• _ENTRIES SUPPLIED_:
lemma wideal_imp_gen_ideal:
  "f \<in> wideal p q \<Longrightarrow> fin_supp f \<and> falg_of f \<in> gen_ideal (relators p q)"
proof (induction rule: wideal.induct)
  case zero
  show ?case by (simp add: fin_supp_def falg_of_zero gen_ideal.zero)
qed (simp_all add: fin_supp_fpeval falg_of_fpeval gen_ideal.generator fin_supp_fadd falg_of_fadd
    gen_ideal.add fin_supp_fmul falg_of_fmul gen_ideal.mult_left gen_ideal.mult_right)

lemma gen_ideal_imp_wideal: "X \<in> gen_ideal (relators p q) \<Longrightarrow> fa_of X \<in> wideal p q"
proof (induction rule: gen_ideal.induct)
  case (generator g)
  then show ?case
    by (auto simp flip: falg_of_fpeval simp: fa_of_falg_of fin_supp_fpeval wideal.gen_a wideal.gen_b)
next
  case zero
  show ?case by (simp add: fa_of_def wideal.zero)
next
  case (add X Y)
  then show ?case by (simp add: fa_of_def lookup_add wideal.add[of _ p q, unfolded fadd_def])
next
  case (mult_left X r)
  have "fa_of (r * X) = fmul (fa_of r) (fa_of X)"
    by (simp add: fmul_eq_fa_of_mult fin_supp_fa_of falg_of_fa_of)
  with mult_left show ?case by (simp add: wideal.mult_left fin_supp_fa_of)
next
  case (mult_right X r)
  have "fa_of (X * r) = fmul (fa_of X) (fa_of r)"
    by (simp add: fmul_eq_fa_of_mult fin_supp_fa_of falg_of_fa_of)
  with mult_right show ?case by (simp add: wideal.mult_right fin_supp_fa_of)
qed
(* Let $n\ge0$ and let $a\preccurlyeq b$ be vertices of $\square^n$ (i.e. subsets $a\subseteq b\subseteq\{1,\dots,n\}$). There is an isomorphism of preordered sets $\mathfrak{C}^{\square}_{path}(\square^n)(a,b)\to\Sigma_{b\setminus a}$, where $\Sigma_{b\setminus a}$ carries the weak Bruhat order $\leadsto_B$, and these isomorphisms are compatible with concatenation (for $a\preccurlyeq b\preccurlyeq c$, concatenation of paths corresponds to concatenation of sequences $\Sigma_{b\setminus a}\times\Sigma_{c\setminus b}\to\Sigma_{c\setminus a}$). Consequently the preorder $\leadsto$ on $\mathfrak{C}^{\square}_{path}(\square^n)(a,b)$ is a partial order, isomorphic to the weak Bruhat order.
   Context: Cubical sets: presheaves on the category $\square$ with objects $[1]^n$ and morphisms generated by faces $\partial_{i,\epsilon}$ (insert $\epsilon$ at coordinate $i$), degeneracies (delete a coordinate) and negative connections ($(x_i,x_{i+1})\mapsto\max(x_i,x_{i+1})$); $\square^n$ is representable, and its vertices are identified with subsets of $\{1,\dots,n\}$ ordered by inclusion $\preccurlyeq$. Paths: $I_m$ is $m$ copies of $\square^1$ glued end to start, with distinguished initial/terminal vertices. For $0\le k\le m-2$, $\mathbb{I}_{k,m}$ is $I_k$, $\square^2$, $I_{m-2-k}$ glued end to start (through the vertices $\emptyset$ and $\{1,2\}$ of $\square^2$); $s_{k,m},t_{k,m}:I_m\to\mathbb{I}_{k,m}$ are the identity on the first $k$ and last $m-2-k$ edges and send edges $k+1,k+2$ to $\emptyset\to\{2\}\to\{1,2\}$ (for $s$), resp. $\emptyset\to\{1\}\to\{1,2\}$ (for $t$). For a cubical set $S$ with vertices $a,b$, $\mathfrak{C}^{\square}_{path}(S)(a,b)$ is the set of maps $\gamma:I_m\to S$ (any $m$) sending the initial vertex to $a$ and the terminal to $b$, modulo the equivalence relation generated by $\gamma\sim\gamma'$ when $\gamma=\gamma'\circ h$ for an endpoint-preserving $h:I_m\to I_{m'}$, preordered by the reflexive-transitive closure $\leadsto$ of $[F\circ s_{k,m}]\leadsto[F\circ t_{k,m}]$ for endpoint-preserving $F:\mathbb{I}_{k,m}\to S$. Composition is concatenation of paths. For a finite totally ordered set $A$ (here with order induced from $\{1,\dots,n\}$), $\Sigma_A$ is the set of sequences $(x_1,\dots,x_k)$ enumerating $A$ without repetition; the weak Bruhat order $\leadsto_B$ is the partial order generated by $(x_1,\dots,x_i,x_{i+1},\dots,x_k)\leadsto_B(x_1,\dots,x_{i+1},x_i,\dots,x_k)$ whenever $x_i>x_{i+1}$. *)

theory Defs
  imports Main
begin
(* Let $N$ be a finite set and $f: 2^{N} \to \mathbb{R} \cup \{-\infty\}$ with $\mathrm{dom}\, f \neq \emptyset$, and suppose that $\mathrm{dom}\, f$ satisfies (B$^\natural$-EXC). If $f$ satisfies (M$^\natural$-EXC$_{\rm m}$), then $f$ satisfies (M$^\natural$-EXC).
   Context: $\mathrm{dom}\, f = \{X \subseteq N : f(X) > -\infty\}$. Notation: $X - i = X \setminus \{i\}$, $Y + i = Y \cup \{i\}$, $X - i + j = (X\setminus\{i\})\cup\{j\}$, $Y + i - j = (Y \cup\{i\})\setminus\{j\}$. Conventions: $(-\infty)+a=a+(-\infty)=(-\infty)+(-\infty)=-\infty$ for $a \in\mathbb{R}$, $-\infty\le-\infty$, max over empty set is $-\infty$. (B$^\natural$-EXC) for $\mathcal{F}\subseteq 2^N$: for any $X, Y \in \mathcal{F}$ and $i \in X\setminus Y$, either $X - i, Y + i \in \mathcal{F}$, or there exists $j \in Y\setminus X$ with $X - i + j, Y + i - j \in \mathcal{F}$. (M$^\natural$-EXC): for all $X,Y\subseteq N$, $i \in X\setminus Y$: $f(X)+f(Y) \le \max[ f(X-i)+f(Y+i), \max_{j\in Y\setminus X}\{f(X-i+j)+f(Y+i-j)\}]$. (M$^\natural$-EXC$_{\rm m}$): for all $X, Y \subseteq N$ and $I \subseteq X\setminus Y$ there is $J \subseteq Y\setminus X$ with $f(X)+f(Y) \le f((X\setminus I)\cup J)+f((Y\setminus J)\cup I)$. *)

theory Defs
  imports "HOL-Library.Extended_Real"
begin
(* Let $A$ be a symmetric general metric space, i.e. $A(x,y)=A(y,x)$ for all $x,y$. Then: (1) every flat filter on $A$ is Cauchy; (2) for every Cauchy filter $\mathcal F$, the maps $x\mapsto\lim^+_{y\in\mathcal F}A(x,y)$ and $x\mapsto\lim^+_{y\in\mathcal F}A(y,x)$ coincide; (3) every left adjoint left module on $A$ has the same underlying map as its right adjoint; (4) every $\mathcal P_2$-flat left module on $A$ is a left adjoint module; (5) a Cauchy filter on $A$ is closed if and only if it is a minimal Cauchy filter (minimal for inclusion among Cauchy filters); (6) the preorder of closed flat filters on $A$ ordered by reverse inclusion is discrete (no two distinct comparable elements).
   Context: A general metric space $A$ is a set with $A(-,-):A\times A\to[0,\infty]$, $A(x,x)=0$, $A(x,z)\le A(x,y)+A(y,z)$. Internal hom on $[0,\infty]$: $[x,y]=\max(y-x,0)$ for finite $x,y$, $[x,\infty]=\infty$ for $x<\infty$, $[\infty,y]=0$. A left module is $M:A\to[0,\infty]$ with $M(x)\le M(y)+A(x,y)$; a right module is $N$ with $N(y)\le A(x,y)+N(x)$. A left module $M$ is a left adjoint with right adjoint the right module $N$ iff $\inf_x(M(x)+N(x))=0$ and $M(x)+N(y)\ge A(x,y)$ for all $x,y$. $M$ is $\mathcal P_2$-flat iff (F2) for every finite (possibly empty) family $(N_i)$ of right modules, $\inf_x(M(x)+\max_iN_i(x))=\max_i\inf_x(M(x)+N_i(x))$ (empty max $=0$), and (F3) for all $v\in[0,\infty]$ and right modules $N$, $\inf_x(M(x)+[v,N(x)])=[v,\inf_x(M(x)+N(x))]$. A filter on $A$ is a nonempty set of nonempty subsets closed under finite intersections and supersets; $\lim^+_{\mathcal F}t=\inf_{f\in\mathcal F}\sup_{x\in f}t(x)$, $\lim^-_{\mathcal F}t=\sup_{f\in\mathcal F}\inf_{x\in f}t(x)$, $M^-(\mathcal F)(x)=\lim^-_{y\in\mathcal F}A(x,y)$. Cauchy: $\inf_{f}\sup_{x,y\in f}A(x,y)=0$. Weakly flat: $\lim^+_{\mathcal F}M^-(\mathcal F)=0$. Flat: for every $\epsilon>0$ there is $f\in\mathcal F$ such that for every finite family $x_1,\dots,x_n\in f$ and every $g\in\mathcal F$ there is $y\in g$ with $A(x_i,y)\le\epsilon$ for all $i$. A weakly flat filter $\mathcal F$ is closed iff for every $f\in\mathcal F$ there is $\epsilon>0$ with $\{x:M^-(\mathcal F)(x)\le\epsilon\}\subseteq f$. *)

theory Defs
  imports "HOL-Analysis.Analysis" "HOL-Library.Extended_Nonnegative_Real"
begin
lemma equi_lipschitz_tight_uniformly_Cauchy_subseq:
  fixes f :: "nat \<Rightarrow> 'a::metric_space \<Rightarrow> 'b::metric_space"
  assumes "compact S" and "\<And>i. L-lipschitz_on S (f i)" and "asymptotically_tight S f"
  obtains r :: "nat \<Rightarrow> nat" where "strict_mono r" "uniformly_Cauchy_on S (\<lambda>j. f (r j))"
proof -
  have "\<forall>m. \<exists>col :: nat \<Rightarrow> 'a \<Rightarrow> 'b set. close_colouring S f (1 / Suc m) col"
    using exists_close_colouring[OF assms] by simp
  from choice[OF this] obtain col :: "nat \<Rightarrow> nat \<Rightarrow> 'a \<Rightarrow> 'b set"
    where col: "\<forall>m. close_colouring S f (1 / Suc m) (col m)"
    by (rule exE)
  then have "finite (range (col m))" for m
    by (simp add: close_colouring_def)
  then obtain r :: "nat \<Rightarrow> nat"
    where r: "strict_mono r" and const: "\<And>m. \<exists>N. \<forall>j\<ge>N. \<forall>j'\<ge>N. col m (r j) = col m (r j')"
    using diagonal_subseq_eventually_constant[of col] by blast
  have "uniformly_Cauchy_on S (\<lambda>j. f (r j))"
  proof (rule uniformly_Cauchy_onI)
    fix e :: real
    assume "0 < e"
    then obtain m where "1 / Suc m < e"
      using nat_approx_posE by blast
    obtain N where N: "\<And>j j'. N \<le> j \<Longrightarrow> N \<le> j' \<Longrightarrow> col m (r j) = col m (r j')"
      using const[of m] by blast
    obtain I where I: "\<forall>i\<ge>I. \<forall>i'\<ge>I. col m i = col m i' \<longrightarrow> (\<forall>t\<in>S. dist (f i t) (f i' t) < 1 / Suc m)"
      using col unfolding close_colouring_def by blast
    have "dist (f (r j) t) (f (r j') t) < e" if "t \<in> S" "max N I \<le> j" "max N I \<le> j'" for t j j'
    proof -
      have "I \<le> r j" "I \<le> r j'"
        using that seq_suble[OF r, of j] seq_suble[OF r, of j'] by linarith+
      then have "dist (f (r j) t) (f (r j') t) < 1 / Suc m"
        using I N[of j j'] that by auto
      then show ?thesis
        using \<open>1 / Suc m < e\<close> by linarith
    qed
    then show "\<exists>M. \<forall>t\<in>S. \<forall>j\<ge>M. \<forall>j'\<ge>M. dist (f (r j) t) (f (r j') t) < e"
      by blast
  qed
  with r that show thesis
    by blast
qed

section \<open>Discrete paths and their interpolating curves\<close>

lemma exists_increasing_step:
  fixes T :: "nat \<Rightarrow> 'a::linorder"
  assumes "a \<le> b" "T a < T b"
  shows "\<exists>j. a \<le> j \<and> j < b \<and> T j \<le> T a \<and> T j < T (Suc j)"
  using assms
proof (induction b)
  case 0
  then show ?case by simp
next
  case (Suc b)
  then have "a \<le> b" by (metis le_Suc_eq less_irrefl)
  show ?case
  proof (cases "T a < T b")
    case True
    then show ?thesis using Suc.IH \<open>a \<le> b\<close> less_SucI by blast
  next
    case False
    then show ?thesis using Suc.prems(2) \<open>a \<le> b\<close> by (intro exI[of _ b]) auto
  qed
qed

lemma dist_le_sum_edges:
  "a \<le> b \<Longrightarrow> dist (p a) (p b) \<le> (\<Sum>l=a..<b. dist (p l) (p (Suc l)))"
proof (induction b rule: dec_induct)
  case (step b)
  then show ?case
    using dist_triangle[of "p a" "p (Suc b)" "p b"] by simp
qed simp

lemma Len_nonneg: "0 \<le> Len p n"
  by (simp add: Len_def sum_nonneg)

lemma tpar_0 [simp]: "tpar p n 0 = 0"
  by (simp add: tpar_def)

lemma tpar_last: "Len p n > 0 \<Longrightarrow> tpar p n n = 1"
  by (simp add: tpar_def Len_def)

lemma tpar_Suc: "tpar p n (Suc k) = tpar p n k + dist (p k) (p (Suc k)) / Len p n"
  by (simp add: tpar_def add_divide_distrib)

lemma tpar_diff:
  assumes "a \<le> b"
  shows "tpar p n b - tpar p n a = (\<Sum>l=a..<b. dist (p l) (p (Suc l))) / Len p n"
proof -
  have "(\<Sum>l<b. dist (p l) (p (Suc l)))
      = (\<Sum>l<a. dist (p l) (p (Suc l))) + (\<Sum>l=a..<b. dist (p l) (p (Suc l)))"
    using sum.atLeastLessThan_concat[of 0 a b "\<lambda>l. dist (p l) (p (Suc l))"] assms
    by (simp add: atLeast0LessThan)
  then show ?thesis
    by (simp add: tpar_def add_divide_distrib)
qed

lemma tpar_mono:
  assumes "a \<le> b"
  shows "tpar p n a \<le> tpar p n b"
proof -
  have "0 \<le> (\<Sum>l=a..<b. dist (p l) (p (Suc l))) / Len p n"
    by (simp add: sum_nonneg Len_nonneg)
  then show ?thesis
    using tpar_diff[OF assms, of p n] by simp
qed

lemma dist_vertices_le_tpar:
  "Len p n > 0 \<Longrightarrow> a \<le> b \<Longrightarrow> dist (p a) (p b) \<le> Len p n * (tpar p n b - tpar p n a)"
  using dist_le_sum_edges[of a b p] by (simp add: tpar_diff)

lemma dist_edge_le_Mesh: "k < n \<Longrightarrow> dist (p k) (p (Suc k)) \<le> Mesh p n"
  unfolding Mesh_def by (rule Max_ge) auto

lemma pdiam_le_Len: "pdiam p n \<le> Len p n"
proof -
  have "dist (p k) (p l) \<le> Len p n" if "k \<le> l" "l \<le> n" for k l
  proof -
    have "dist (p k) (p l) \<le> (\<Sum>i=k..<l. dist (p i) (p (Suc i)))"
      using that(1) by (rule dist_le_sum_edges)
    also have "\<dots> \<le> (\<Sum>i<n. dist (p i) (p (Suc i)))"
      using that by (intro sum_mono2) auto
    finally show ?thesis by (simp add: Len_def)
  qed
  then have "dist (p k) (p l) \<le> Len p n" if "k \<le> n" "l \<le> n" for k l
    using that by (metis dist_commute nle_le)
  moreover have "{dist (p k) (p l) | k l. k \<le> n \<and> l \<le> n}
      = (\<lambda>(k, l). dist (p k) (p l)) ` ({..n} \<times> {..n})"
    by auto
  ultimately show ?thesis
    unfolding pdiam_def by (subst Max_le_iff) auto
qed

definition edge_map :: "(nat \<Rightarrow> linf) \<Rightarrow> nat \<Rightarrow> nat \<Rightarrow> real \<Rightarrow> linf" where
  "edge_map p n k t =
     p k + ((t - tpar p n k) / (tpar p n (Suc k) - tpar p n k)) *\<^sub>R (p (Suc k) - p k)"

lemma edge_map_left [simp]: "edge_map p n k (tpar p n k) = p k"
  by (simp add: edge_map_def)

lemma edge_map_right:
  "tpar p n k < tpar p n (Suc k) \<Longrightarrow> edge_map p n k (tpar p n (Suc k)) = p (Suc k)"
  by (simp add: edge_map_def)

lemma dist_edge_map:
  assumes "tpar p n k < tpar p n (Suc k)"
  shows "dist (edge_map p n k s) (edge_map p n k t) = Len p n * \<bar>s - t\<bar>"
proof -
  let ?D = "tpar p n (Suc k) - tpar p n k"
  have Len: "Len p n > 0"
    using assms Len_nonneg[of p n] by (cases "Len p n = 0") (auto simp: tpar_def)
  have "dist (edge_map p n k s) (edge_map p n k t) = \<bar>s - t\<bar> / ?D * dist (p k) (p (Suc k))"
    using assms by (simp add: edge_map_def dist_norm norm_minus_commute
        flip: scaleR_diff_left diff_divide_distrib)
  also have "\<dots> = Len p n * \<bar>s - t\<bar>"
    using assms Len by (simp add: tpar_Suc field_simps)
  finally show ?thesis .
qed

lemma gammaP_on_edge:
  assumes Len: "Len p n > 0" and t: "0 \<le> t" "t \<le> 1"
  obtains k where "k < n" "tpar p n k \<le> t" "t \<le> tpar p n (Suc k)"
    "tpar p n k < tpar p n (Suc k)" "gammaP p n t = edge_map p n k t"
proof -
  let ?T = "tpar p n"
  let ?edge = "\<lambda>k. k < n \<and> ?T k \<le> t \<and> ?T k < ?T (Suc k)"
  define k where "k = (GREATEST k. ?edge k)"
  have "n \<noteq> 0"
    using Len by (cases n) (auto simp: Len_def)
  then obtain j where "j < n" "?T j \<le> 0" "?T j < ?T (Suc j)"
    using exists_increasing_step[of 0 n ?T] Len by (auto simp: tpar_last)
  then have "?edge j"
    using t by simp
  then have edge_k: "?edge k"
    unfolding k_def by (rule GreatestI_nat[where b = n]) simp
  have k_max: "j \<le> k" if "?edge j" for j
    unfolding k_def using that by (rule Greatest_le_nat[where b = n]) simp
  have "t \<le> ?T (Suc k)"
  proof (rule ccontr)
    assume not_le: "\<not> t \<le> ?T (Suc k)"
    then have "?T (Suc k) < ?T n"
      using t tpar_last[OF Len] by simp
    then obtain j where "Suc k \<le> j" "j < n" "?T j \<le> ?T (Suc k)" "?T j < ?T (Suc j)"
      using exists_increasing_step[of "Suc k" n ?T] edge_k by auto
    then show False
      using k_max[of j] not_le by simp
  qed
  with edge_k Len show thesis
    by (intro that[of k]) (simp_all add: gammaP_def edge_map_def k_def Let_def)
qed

• _WHAT THE TASK ASKS_:
Copy, exactly and only, the lines above that begin with the one containing "(Suc k) \<Longrightarrow>" and finish with the one containing "then show False".

• _SOLUTION_:
  "tpar p n k < tpar p n (Suc k) \<Longrightarrow> edge_map p n k (tpar p n (Suc k)) = p (Suc k)"
  by (simp add: edge_map_def)

lemma dist_edge_map:
  assumes "tpar p n k < tpar p n (Suc k)"
  shows "dist (edge_map p n k s) (edge_map p n k t) = Len p n * \<bar>s - t\<bar>"
proof -
  let ?D = "tpar p n (Suc k) - tpar p n k"
  have Len: "Len p n > 0"
    using assms Len_nonneg[of p n] by (cases "Len p n = 0") (auto simp: tpar_def)
  have "dist (edge_map p n k s) (edge_map p n k t) = \<bar>s - t\<bar> / ?D * dist (p k) (p (Suc k))"
    using assms by (simp add: edge_map_def dist_norm norm_minus_commute
        flip: scaleR_diff_left diff_divide_distrib)
  also have "\<dots> = Len p n * \<bar>s - t\<bar>"
    using assms Len by (simp add: tpar_Suc field_simps)
  finally show ?thesis .
qed

lemma gammaP_on_edge:
  assumes Len: "Len p n > 0" and t: "0 \<le> t" "t \<le> 1"
  obtains k where "k < n" "tpar p n k \<le> t" "t \<le> tpar p n (Suc k)"
    "tpar p n k < tpar p n (Suc k)" "gammaP p n t = edge_map p n k t"
proof -
  let ?T = "tpar p n"
  let ?edge = "\<lambda>k. k < n \<and> ?T k \<le> t \<and> ?T k < ?T (Suc k)"
  define k where "k = (GREATEST k. ?edge k)"
  have "n \<noteq> 0"
    using Len by (cases n) (auto simp: Len_def)
  then obtain j where "j < n" "?T j \<le> 0" "?T j < ?T (Suc j)"
    using exists_increasing_step[of 0 n ?T] Len by (auto simp: tpar_last)
  then have "?edge j"
    using t by simp
  then have edge_k: "?edge k"
    unfolding k_def by (rule GreatestI_nat[where b = n]) simp
  have k_max: "j \<le> k" if "?edge j" for j
    unfolding k_def using that by (rule Greatest_le_nat[where b = n]) simp
  have "t \<le> ?T (Suc k)"
  proof (rule ccontr)
    assume not_le: "\<not> t \<le> ?T (Suc k)"
    then have "?T (Suc k) < ?T n"
      using t tpar_last[OF Len] by simp
    then obtain j where "Suc k \<le> j" "j < n" "?T j \<le> ?T (Suc k)" "?T j < ?T (Suc j)"
      using exists_increasing_step[of "Suc k" n ?T] edge_k by auto
    then show False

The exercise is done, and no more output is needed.